▶ **TRY IT**
Looking at the listing below, retype exactly the lines starting at the one containing "(* Let $v>0$, $N\ge2$, and" and ending at the one containing "nat) \<Rightarrow> (nat", both included, and nothing else.

▶ **SOURCE DATA**
◆ ◆ ◆
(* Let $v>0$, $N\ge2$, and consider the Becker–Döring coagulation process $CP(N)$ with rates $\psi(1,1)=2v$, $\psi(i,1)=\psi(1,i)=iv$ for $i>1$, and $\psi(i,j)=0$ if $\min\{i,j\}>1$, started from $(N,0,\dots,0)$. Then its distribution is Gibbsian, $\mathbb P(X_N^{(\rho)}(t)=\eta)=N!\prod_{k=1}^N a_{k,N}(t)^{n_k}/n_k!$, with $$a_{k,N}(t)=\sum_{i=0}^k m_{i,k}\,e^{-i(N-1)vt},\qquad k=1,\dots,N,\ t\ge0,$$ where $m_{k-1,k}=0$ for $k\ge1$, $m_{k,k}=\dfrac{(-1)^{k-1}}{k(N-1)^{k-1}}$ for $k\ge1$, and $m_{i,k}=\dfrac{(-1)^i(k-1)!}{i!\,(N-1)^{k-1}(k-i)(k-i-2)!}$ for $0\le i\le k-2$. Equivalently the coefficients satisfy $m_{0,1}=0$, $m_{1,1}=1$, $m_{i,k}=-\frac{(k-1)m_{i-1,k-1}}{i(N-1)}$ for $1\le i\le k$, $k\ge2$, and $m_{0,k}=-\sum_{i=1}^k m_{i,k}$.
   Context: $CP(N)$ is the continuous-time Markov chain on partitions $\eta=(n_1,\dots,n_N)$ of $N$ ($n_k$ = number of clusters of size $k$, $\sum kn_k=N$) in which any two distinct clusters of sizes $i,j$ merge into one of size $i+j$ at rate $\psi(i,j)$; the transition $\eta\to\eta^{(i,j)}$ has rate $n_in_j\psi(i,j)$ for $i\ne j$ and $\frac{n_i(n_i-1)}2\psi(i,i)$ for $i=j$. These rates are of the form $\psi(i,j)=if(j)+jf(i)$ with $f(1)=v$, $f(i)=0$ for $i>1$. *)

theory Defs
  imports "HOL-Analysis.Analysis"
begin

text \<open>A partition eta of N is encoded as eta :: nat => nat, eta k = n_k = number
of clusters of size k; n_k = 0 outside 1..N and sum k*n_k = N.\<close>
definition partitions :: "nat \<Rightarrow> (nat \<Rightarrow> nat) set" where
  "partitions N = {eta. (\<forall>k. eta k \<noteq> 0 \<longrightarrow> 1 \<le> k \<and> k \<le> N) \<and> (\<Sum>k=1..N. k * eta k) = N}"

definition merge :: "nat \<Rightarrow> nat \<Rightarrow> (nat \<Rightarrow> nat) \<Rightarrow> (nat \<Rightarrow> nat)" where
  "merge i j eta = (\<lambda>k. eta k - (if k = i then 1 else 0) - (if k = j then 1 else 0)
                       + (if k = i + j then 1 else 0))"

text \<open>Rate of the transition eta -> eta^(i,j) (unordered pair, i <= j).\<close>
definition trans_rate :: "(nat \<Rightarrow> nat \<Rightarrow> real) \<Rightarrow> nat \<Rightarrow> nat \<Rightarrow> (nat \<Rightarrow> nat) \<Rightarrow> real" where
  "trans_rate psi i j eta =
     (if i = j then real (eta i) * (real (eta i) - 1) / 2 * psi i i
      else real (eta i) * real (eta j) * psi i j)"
◆ ◆ ◆
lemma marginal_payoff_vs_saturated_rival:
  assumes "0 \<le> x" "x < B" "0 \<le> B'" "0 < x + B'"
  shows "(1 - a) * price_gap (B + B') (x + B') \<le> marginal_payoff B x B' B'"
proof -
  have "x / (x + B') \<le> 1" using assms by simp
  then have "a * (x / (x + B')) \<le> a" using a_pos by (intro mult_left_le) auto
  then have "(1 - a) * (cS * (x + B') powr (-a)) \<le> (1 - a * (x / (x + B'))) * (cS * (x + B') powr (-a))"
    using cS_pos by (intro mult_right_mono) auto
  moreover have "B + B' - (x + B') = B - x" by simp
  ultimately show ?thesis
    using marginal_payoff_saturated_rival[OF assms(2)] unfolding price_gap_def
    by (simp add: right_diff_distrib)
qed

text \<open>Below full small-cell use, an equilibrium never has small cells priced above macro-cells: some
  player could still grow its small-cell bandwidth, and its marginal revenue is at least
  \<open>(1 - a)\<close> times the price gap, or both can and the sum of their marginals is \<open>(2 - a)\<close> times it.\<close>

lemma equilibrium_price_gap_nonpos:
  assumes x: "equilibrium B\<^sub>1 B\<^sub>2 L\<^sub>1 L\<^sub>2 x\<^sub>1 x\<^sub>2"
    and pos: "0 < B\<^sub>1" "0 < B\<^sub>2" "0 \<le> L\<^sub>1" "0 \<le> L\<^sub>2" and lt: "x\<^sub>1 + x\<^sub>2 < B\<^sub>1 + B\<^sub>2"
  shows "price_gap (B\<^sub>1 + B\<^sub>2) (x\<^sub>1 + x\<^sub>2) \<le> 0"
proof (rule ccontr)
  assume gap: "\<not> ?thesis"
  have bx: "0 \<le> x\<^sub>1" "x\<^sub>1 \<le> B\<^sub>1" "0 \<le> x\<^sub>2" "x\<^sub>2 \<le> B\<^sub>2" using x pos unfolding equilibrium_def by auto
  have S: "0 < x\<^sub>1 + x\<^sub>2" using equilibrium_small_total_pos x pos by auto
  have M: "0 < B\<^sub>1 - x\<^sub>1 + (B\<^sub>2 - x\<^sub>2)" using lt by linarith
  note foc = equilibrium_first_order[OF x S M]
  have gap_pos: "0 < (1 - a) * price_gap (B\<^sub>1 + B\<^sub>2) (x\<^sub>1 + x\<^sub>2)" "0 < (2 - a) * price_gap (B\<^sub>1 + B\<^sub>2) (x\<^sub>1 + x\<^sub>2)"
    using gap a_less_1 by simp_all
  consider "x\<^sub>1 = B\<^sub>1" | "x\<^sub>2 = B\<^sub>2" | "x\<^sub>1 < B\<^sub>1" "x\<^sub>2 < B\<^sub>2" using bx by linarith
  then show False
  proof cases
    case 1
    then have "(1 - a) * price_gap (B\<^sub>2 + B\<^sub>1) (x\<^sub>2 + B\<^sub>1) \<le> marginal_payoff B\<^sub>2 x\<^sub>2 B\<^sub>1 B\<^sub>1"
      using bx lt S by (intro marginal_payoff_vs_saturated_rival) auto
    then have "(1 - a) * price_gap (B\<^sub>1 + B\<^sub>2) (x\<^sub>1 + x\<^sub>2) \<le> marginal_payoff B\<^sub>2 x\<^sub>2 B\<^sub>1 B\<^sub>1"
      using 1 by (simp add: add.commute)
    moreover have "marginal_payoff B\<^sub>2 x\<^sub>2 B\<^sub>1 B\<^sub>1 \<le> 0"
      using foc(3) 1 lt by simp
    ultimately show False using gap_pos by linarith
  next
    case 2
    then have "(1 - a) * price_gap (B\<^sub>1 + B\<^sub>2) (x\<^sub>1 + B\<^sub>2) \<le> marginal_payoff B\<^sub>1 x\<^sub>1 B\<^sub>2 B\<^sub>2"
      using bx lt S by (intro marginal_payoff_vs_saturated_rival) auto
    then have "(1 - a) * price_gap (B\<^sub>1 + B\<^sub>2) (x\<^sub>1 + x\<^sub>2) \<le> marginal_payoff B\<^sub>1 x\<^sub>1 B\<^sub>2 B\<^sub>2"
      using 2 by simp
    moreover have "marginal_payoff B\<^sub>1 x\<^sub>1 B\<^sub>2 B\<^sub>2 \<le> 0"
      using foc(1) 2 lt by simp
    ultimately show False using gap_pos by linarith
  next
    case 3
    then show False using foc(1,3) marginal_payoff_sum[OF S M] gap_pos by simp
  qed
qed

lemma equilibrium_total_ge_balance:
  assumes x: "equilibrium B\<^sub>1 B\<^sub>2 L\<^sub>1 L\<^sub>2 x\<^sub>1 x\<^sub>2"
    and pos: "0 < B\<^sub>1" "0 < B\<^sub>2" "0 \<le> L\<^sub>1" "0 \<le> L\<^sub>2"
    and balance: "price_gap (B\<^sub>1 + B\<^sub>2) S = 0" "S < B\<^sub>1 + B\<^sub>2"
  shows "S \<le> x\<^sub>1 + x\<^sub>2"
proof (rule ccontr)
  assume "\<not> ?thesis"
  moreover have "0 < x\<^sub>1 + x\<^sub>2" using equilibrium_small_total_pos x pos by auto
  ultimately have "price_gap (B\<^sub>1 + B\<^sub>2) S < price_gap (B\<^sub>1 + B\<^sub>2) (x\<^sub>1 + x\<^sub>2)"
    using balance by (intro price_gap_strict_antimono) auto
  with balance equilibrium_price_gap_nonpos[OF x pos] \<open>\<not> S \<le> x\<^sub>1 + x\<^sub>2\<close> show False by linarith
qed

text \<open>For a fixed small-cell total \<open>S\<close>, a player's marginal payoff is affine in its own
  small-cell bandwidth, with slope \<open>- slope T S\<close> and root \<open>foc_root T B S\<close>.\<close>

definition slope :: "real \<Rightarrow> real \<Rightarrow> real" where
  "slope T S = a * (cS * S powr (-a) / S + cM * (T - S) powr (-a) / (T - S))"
◆ ◆ ◆
▶ **EXPECTED ANSWER**
(* Let $v>0$, $N\ge2$, and consider the Becker–Döring coagulation process $CP(N)$ with rates $\psi(1,1)=2v$, $\psi(i,1)=\psi(1,i)=iv$ for $i>1$, and $\psi(i,j)=0$ if $\min\{i,j\}>1$, started from $(N,0,\dots,0)$. Then its distribution is Gibbsian, $\mathbb P(X_N^{(\rho)}(t)=\eta)=N!\prod_{k=1}^N a_{k,N}(t)^{n_k}/n_k!$, with $$a_{k,N}(t)=\sum_{i=0}^k m_{i,k}\,e^{-i(N-1)vt},\qquad k=1,\dots,N,\ t\ge0,$$ where $m_{k-1,k}=0$ for $k\ge1$, $m_{k,k}=\dfrac{(-1)^{k-1}}{k(N-1)^{k-1}}$ for $k\ge1$, and $m_{i,k}=\dfrac{(-1)^i(k-1)!}{i!\,(N-1)^{k-1}(k-i)(k-i-2)!}$ for $0\le i\le k-2$. Equivalently the coefficients satisfy $m_{0,1}=0$, $m_{1,1}=1$, $m_{i,k}=-\frac{(k-1)m_{i-1,k-1}}{i(N-1)}$ for $1\le i\le k$, $k\ge2$, and $m_{0,k}=-\sum_{i=1}^k m_{i,k}$.
   Context: $CP(N)$ is the continuous-time Markov chain on partitions $\eta=(n_1,\dots,n_N)$ of $N$ ($n_k$ = number of clusters of size $k$, $\sum kn_k=N$) in which any two distinct clusters of sizes $i,j$ merge into one of size $i+j$ at rate $\psi(i,j)$; the transition $\eta\to\eta^{(i,j)}$ has rate $n_in_j\psi(i,j)$ for $i\ne j$ and $\frac{n_i(n_i-1)}2\psi(i,i)$ for $i=j$. These rates are of the form $\psi(i,j)=if(j)+jf(i)$ with $f(1)=v$, $f(i)=0$ for $i>1$. *)

theory Defs
  imports "HOL-Analysis.Analysis"
begin

text \<open>A partition eta of N is encoded as eta :: nat => nat, eta k = n_k = number
of clusters of size k; n_k = 0 outside 1..N and sum k*n_k = N.\<close>
definition partitions :: "nat \<Rightarrow> (nat \<Rightarrow> nat) set" where
  "partitions N = {eta. (\<forall>k. eta k \<noteq> 0 \<longrightarrow> 1 \<le> k \<and> k \<le> N) \<and> (\<Sum>k=1..N. k * eta k) = N}"

definition merge :: "nat \<Rightarrow> nat \<Rightarrow> (nat \<Rightarrow> nat) \<Rightarrow> (nat \<Rightarrow> nat)" where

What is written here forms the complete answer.